> **Exercise aim**
Retype each record exactly.

________________

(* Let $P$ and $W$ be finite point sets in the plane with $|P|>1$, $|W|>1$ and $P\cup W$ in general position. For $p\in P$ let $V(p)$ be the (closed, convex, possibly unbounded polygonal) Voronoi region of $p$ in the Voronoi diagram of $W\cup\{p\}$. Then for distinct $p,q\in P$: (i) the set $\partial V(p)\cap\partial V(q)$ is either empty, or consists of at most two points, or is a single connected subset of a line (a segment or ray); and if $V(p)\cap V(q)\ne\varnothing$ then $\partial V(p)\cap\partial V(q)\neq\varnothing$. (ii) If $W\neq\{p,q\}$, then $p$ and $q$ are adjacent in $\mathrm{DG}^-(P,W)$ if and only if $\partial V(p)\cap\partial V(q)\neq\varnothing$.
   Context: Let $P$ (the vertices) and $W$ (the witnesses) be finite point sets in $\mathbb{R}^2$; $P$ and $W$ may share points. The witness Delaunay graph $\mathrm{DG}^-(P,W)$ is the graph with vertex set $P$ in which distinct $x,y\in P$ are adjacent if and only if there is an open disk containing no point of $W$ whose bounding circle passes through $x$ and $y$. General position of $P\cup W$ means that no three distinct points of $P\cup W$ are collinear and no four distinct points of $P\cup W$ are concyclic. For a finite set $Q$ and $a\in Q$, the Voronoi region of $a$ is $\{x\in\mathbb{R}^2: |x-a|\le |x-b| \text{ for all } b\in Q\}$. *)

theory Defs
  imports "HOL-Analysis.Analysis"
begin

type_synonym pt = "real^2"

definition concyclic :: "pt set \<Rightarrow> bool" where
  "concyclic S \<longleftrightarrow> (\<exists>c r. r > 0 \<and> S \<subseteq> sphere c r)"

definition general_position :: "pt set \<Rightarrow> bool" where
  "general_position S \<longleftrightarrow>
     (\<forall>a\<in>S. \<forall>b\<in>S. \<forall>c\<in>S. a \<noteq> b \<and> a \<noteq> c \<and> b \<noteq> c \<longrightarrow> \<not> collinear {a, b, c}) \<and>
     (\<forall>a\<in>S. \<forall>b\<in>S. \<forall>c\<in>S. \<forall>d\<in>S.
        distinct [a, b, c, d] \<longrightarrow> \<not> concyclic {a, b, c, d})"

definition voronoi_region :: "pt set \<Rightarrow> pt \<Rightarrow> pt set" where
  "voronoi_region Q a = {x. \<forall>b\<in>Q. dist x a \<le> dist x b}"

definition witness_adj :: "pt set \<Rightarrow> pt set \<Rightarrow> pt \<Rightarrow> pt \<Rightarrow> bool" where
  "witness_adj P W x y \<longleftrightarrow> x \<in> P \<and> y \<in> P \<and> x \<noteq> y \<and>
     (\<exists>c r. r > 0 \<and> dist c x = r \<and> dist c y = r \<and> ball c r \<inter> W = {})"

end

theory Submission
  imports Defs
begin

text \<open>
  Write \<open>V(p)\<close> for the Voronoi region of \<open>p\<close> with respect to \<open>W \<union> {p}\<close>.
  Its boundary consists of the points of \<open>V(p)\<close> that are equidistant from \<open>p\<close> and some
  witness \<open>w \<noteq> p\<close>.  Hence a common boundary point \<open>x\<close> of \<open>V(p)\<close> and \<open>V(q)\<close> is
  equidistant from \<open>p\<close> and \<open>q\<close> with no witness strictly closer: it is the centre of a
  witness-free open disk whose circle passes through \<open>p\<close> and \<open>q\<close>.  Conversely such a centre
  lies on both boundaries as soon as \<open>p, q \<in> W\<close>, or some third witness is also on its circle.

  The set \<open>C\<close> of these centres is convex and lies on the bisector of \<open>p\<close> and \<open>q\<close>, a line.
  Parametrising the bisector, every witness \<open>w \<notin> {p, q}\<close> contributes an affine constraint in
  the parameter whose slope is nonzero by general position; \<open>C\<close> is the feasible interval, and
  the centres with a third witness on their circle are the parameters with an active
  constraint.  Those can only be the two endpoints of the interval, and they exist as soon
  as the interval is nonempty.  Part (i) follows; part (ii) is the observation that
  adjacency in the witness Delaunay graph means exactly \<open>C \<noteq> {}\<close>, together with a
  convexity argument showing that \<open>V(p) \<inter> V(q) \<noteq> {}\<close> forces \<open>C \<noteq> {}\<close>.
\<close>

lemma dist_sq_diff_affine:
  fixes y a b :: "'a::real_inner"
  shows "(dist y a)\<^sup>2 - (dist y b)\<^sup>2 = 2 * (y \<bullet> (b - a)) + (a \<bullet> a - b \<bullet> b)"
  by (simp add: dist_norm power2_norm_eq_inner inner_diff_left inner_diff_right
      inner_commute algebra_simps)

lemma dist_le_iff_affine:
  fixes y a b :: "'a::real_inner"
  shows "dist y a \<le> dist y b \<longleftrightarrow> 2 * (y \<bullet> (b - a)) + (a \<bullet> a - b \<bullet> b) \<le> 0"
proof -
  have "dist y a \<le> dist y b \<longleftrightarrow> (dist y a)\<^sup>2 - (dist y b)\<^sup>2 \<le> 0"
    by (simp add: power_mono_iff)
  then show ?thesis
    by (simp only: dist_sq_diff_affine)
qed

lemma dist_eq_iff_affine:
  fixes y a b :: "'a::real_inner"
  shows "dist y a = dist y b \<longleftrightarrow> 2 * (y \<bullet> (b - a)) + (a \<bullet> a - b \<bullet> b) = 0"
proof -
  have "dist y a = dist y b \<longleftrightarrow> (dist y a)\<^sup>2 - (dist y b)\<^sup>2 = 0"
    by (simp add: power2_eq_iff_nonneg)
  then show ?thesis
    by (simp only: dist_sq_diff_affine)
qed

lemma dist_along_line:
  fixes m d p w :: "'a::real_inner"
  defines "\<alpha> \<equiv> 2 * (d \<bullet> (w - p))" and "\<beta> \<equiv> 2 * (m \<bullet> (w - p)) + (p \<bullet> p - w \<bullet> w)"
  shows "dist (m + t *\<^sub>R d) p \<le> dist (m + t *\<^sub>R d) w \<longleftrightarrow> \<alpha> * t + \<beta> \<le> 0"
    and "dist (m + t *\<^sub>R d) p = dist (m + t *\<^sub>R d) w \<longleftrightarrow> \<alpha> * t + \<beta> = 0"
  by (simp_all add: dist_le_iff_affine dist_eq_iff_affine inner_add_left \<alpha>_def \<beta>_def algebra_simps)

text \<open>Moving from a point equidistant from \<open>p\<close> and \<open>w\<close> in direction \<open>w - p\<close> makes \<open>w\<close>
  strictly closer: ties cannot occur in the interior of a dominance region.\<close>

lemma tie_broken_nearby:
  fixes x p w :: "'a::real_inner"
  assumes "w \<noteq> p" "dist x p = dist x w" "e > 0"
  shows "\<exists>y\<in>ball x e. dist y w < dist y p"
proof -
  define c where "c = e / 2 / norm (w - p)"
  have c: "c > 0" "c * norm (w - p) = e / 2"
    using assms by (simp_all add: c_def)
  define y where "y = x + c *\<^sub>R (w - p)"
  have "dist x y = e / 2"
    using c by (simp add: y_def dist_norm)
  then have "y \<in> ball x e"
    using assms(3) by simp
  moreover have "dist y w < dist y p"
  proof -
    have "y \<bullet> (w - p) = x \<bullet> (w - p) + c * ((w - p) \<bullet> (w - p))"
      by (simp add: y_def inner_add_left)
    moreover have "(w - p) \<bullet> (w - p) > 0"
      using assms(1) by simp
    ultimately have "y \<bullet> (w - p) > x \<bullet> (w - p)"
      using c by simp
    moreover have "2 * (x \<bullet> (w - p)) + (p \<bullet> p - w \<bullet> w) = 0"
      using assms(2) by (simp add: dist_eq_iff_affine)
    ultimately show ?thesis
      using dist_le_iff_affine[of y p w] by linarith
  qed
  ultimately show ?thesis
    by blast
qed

________________

> **The completed task**
(* Let $P$ and $W$ be finite point sets in the plane with $|P|>1$, $|W|>1$ and $P\cup W$ in general position. For $p\in P$ let $V(p)$ be the (closed, convex, possibly unbounded polygonal) Voronoi region of $p$ in the Voronoi diagram of $W\cup\{p\}$. Then for distinct $p,q\in P$: (i) the set $\partial V(p)\cap\partial V(q)$ is either empty, or consists of at most two points, or is a single connected subset of a line (a segment or ray); and if $V(p)\cap V(q)\ne\varnothing$ then $\partial V(p)\cap\partial V(q)\neq\varnothing$. (ii) If $W\neq\{p,q\}$, then $p$ and $q$ are adjacent in $\mathrm{DG}^-(P,W)$ if and only if $\partial V(p)\cap\partial V(q)\neq\varnothing$.
   Context: Let $P$ (the vertices) and $W$ (the witnesses) be finite point sets in $\mathbb{R}^2$; $P$ and $W$ may share points. The witness Delaunay graph $\mathrm{DG}^-(P,W)$ is the graph with vertex set $P$ in which distinct $x,y\in P$ are adjacent if and only if there is an open disk containing no point of $W$ whose bounding circle passes through $x$ and $y$. General position of $P\cup W$ means that no three distinct points of $P\cup W$ are collinear and no four distinct points of $P\cup W$ are concyclic. For a finite set $Q$ and $a\in Q$, the Voronoi region of $a$ is $\{x\in\mathbb{R}^2: |x-a|\le |x-b| \text{ for all } b\in Q\}$. *)

theory Defs
  imports "HOL-Analysis.Analysis"
begin

type_synonym pt = "real^2"

definition concyclic :: "pt set \<Rightarrow> bool" where
  "concyclic S \<longleftrightarrow> (\<exists>c r. r > 0 \<and> S \<subseteq> sphere c r)"

definition general_position :: "pt set \<Rightarrow> bool" where
  "general_position S \<longleftrightarrow>
     (\<forall>a\<in>S. \<forall>b\<in>S. \<forall>c\<in>S. a \<noteq> b \<and> a \<noteq> c \<and> b \<noteq> c \<longrightarrow> \<not> collinear {a, b, c}) \<and>
     (\<forall>a\<in>S. \<forall>b\<in>S. \<forall>c\<in>S. \<forall>d\<in>S.
        distinct [a, b, c, d] \<longrightarrow> \<not> concyclic {a, b, c, d})"

definition voronoi_region :: "pt set \<Rightarrow> pt \<Rightarrow> pt set" where
  "voronoi_region Q a = {x. \<forall>b\<in>Q. dist x a \<le> dist x b}"

definition witness_adj :: "pt set \<Rightarrow> pt set \<Rightarrow> pt \<Rightarrow> pt \<Rightarrow> bool" where
  "witness_adj P W x y \<longleftrightarrow> x \<in> P \<and> y \<in> P \<and> x \<noteq> y \<and>
     (\<exists>c r. r > 0 \<and> dist c x = r \<and> dist c y = r \<and> ball c r \<inter> W = {})"

end

theory Submission
  imports Defs
begin

text \<open>
  Write \<open>V(p)\<close> for the Voronoi region of \<open>p\<close> with respect to \<open>W \<union> {p}\<close>.
  Its boundary consists of the points of \<open>V(p)\<close> that are equidistant from \<open>p\<close> and some
  witness \<open>w \<noteq> p\<close>.  Hence a common boundary point \<open>x\<close> of \<open>V(p)\<close> and \<open>V(q)\<close> is
  equidistant from \<open>p\<close> and \<open>q\<close> with no witness strictly closer: it is the centre of a
  witness-free open disk whose circle passes through \<open>p\<close> and \<open>q\<close>.  Conversely such a centre
  lies on both boundaries as soon as \<open>p, q \<in> W\<close>, or some third witness is also on its circle.

  The set \<open>C\<close> of these centres is convex and lies on the bisector of \<open>p\<close> and \<open>q\<close>, a line.
  Parametrising the bisector, every witness \<open>w \<notin> {p, q}\<close> contributes an affine constraint in
  the parameter whose slope is nonzero by general position; \<open>C\<close> is the feasible interval, and
  the centres with a third witness on their circle are the parameters with an active
  constraint.  Those can only be the two endpoints of the interval, and they exist as soon
  as the interval is nonempty.  Part (i) follows; part (ii) is the observation that
  adjacency in the witness Delaunay graph means exactly \<open>C \<noteq> {}\<close>, together with a
  convexity argument showing that \<open>V(p) \<inter> V(q) \<noteq> {}\<close> forces \<open>C \<noteq> {}\<close>.
\<close>

lemma dist_sq_diff_affine:
  fixes y a b :: "'a::real_inner"
  shows "(dist y a)\<^sup>2 - (dist y b)\<^sup>2 = 2 * (y \<bullet> (b - a)) + (a \<bullet> a - b \<bullet> b)"
  by (simp add: dist_norm power2_norm_eq_inner inner_diff_left inner_diff_right
      inner_commute algebra_simps)

lemma dist_le_iff_affine:
  fixes y a b :: "'a::real_inner"
  shows "dist y a \<le> dist y b \<longleftrightarrow> 2 * (y \<bullet> (b - a)) + (a \<bullet> a - b \<bullet> b) \<le> 0"
proof -
  have "dist y a \<le> dist y b \<longleftrightarrow> (dist y a)\<^sup>2 - (dist y b)\<^sup>2 \<le> 0"
    by (simp add: power_mono_iff)
  then show ?thesis
    by (simp only: dist_sq_diff_affine)
qed

lemma dist_eq_iff_affine:
  fixes y a b :: "'a::real_inner"
  shows "dist y a = dist y b \<longleftrightarrow> 2 * (y \<bullet> (b - a)) + (a \<bullet> a - b \<bullet> b) = 0"
proof -
  have "dist y a = dist y b \<longleftrightarrow> (dist y a)\<^sup>2 - (dist y b)\<^sup>2 = 0"
    by (simp add: power2_eq_iff_nonneg)
  then show ?thesis
    by (simp only: dist_sq_diff_affine)
qed

lemma dist_along_line:
  fixes m d p w :: "'a::real_inner"
  defines "\<alpha> \<equiv> 2 * (d \<bullet> (w - p))" and "\<beta> \<equiv> 2 * (m \<bullet> (w - p)) + (p \<bullet> p - w \<bullet> w)"
  shows "dist (m + t *\<^sub>R d) p \<le> dist (m + t *\<^sub>R d) w \<longleftrightarrow> \<alpha> * t + \<beta> \<le> 0"
    and "dist (m + t *\<^sub>R d) p = dist (m + t *\<^sub>R d) w \<longleftrightarrow> \<alpha> * t + \<beta> = 0"
  by (simp_all add: dist_le_iff_affine dist_eq_iff_affine inner_add_left \<alpha>_def \<beta>_def algebra_simps)

text \<open>Moving from a point equidistant from \<open>p\<close> and \<open>w\<close> in direction \<open>w - p\<close> makes \<open>w\<close>
  strictly closer: ties cannot occur in the interior of a dominance region.\<close>

lemma tie_broken_nearby:
  fixes x p w :: "'a::real_inner"
  assumes "w \<noteq> p" "dist x p = dist x w" "e > 0"
  shows "\<exists>y\<in>ball x e. dist y w < dist y p"
proof -
  define c where "c = e / 2 / norm (w - p)"
  have c: "c > 0" "c * norm (w - p) = e / 2"
    using assms by (simp_all add: c_def)
  define y where "y = x + c *\<^sub>R (w - p)"
  have "dist x y = e / 2"
    using c by (simp add: y_def dist_norm)
  then have "y \<in> ball x e"
    using assms(3) by simp
  moreover have "dist y w < dist y p"
  proof -
    have "y \<bullet> (w - p) = x \<bullet> (w - p) + c * ((w - p) \<bullet> (w - p))"
      by (simp add: y_def inner_add_left)
    moreover have "(w - p) \<bullet> (w - p) > 0"
      using assms(1) by simp
    ultimately have "y \<bullet> (w - p) > x \<bullet> (w - p)"
      using c by simp
    moreover have "2 * (x \<bullet> (w - p)) + (p \<bullet> p - w \<bullet> w) = 0"
      using assms(2) by (simp add: dist_eq_iff_affine)
    ultimately show ?thesis
      using dist_le_iff_affine[of y p w] by linarith
  qed
  ultimately show ?thesis
    by blast
qed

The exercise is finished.